# [Work order]
Give the records once more, exactly as they stand.

# [Provided entries]
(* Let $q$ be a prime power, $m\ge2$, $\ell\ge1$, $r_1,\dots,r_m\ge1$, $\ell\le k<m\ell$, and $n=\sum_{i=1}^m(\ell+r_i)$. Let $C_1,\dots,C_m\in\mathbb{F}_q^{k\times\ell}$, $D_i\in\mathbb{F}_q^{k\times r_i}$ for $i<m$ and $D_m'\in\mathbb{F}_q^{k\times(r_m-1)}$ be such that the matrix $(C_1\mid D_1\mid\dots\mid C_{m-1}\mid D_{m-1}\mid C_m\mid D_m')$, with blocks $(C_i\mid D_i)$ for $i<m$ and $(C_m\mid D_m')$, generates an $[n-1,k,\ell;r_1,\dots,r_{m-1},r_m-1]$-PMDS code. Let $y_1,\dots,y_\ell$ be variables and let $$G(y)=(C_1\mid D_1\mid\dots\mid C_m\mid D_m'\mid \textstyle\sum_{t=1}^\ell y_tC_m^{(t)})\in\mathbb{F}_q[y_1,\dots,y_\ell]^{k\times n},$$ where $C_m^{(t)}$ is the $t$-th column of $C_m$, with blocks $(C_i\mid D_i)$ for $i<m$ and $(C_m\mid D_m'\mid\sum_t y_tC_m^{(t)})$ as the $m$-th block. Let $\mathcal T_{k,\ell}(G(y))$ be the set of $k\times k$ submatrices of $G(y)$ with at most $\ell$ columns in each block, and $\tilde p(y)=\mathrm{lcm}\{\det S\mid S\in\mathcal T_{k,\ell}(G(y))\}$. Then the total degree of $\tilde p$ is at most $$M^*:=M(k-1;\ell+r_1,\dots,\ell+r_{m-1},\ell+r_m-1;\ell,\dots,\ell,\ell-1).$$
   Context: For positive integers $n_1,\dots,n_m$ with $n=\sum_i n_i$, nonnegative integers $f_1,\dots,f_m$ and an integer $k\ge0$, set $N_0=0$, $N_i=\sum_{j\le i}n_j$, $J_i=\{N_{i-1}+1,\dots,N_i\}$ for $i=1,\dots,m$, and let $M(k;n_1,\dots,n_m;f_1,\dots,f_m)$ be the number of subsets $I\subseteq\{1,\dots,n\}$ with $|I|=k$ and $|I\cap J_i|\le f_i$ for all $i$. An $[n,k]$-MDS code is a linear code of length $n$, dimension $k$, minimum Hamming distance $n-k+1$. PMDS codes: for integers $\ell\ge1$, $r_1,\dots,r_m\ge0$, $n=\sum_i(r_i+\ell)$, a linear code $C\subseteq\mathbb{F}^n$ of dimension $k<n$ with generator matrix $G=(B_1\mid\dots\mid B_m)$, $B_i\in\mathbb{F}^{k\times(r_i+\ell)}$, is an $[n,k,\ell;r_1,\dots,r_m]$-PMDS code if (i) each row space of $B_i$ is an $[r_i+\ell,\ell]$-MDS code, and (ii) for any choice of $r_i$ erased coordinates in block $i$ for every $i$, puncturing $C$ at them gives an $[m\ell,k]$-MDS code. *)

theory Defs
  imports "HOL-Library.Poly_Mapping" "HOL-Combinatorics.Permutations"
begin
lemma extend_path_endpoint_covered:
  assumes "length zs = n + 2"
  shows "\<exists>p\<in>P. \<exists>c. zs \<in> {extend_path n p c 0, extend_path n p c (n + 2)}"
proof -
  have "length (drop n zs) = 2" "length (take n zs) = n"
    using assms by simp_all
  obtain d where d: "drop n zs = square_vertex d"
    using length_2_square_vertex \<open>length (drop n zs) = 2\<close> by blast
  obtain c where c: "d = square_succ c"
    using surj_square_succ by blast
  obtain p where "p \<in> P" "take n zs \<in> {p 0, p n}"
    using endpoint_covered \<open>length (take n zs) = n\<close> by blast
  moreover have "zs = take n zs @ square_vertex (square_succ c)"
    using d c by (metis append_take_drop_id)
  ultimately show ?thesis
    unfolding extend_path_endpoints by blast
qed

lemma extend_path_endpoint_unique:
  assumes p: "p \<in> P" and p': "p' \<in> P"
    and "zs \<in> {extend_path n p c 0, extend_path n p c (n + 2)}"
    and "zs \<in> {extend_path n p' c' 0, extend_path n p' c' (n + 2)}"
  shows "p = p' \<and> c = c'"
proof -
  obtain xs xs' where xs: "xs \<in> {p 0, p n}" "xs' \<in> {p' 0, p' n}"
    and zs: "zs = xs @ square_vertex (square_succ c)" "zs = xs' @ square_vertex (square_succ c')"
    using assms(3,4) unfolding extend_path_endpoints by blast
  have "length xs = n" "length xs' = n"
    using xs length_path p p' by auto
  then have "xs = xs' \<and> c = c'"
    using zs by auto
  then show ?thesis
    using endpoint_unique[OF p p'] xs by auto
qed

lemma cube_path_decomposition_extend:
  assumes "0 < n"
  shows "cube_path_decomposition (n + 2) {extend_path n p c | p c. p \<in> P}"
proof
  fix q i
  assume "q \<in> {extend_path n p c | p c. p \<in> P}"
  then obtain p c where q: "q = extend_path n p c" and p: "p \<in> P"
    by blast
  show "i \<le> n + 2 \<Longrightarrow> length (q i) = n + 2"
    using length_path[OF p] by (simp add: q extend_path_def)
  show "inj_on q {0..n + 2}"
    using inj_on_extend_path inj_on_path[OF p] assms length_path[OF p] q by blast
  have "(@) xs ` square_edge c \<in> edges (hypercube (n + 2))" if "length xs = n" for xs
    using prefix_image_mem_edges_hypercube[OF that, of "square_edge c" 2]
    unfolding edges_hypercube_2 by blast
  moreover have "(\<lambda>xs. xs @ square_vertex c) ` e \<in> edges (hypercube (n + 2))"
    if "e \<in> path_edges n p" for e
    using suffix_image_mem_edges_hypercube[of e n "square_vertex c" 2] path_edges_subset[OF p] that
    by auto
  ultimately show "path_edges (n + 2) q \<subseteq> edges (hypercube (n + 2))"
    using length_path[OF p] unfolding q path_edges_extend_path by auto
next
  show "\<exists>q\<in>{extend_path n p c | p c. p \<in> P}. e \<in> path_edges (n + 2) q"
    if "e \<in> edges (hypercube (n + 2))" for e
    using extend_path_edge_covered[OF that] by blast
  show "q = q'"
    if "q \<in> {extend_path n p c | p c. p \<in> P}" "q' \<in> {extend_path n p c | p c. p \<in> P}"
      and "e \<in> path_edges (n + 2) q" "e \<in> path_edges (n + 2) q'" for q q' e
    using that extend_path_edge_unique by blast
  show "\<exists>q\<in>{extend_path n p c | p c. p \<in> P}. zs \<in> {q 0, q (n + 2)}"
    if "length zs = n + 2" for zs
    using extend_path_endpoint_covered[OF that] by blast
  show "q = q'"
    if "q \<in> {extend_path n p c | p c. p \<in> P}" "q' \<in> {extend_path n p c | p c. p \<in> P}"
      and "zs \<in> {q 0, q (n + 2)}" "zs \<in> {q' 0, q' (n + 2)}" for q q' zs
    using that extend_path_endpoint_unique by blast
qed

# [Written response]
(* Let $q$ be a prime power, $m\ge2$, $\ell\ge1$, $r_1,\dots,r_m\ge1$, $\ell\le k<m\ell$, and $n=\sum_{i=1}^m(\ell+r_i)$. Let $C_1,\dots,C_m\in\mathbb{F}_q^{k\times\ell}$, $D_i\in\mathbb{F}_q^{k\times r_i}$ for $i<m$ and $D_m'\in\mathbb{F}_q^{k\times(r_m-1)}$ be such that the matrix $(C_1\mid D_1\mid\dots\mid C_{m-1}\mid D_{m-1}\mid C_m\mid D_m')$, with blocks $(C_i\mid D_i)$ for $i<m$ and $(C_m\mid D_m')$, generates an $[n-1,k,\ell;r_1,\dots,r_{m-1},r_m-1]$-PMDS code. Let $y_1,\dots,y_\ell$ be variables and let $$G(y)=(C_1\mid D_1\mid\dots\mid C_m\mid D_m'\mid \textstyle\sum_{t=1}^\ell y_tC_m^{(t)})\in\mathbb{F}_q[y_1,\dots,y_\ell]^{k\times n},$$ where $C_m^{(t)}$ is the $t$-th column of $C_m$, with blocks $(C_i\mid D_i)$ for $i<m$ and $(C_m\mid D_m'\mid\sum_t y_tC_m^{(t)})$ as the $m$-th block. Let $\mathcal T_{k,\ell}(G(y))$ be the set of $k\times k$ submatrices of $G(y)$ with at most $\ell$ columns in each block, and $\tilde p(y)=\mathrm{lcm}\{\det S\mid S\in\mathcal T_{k,\ell}(G(y))\}$. Then the total degree of $\tilde p$ is at most $$M^*:=M(k-1;\ell+r_1,\dots,\ell+r_{m-1},\ell+r_m-1;\ell,\dots,\ell,\ell-1).$$
   Context: For positive integers $n_1,\dots,n_m$ with $n=\sum_i n_i$, nonnegative integers $f_1,\dots,f_m$ and an integer $k\ge0$, set $N_0=0$, $N_i=\sum_{j\le i}n_j$, $J_i=\{N_{i-1}+1,\dots,N_i\}$ for $i=1,\dots,m$, and let $M(k;n_1,\dots,n_m;f_1,\dots,f_m)$ be the number of subsets $I\subseteq\{1,\dots,n\}$ with $|I|=k$ and $|I\cap J_i|\le f_i$ for all $i$. An $[n,k]$-MDS code is a linear code of length $n$, dimension $k$, minimum Hamming distance $n-k+1$. PMDS codes: for integers $\ell\ge1$, $r_1,\dots,r_m\ge0$, $n=\sum_i(r_i+\ell)$, a linear code $C\subseteq\mathbb{F}^n$ of dimension $k<n$ with generator matrix $G=(B_1\mid\dots\mid B_m)$, $B_i\in\mathbb{F}^{k\times(r_i+\ell)}$, is an $[n,k,\ell;r_1,\dots,r_m]$-PMDS code if (i) each row space of $B_i$ is an $[r_i+\ell,\ell]$-MDS code, and (ii) for any choice of $r_i$ erased coordinates in block $i$ for every $i$, puncturing $C$ at them gives an $[m\ell,k]$-MDS code. *)

theory Defs
  imports "HOL-Library.Poly_Mapping" "HOL-Combinatorics.Permutations"
begin
lemma extend_path_endpoint_covered:
  assumes "length zs = n + 2"
  shows "\<exists>p\<in>P. \<exists>c. zs \<in> {extend_path n p c 0, extend_path n p c (n + 2)}"
proof -
  have "length (drop n zs) = 2" "length (take n zs) = n"
    using assms by simp_all
  obtain d where d: "drop n zs = square_vertex d"
    using length_2_square_vertex \<open>length (drop n zs) = 2\<close> by blast
  obtain c where c: "d = square_succ c"
    using surj_square_succ by blast
  obtain p where "p \<in> P" "take n zs \<in> {p 0, p n}"
    using endpoint_covered \<open>length (take n zs) = n\<close> by blast
  moreover have "zs = take n zs @ square_vertex (square_succ c)"
    using d c by (metis append_take_drop_id)
  ultimately show ?thesis
    unfolding extend_path_endpoints by blast
qed

lemma extend_path_endpoint_unique:
  assumes p: "p \<in> P" and p': "p' \<in> P"
    and "zs \<in> {extend_path n p c 0, extend_path n p c (n + 2)}"
    and "zs \<in> {extend_path n p' c' 0, extend_path n p' c' (n + 2)}"
  shows "p = p' \<and> c = c'"
proof -
  obtain xs xs' where xs: "xs \<in> {p 0, p n}" "xs' \<in> {p' 0, p' n}"
    and zs: "zs = xs @ square_vertex (square_succ c)" "zs = xs' @ square_vertex (square_succ c')"
    using assms(3,4) unfolding extend_path_endpoints by blast
  have "length xs = n" "length xs' = n"
    using xs length_path p p' by auto
  then have "xs = xs' \<and> c = c'"
    using zs by auto
  then show ?thesis
    using endpoint_unique[OF p p'] xs by auto
qed

lemma cube_path_decomposition_extend:
  assumes "0 < n"
  shows "cube_path_decomposition (n + 2) {extend_path n p c | p c. p \<in> P}"
proof
  fix q i
  assume "q \<in> {extend_path n p c | p c. p \<in> P}"
  then obtain p c where q: "q = extend_path n p c" and p: "p \<in> P"
    by blast
  show "i \<le> n + 2 \<Longrightarrow> length (q i) = n + 2"
    using length_path[OF p] by (simp add: q extend_path_def)
  show "inj_on q {0..n + 2}"
    using inj_on_extend_path inj_on_path[OF p] assms length_path[OF p] q by blast
  have "(@) xs ` square_edge c \<in> edges (hypercube (n + 2))" if "length xs = n" for xs
    using prefix_image_mem_edges_hypercube[OF that, of "square_edge c" 2]
    unfolding edges_hypercube_2 by blast
  moreover have "(\<lambda>xs. xs @ square_vertex c) ` e \<in> edges (hypercube (n + 2))"
    if "e \<in> path_edges n p" for e
    using suffix_image_mem_edges_hypercube[of e n "square_vertex c" 2] path_edges_subset[OF p] that
    by auto
  ultimately show "path_edges (n + 2) q \<subseteq> edges (hypercube (n + 2))"
    using length_path[OF p] unfolding q path_edges_extend_path by auto
next
  show "\<exists>q\<in>{extend_path n p c | p c. p \<in> P}. e \<in> path_edges (n + 2) q"
    if "e \<in> edges (hypercube (n + 2))" for e
    using extend_path_edge_covered[OF that] by blast
  show "q = q'"
    if "q \<in> {extend_path n p c | p c. p \<in> P}" "q' \<in> {extend_path n p c | p c. p \<in> P}"
      and "e \<in> path_edges (n + 2) q" "e \<in> path_edges (n + 2) q'" for q q' e
    using that extend_path_edge_unique by blast
  show "\<exists>q\<in>{extend_path n p c | p c. p \<in> P}. zs \<in> {q 0, q (n + 2)}"
    if "length zs = n + 2" for zs
    using extend_path_endpoint_covered[OF that] by blast
  show "q = q'"
    if "q \<in> {extend_path n p c | p c. p \<in> P}" "q' \<in> {extend_path n p c | p c. p \<in> P}"
      and "zs \<in> {q 0, q (n + 2)}" "zs \<in> {q' 0, q' (n + 2)}" for q q' zs
    using that extend_path_endpoint_unique by blast
qed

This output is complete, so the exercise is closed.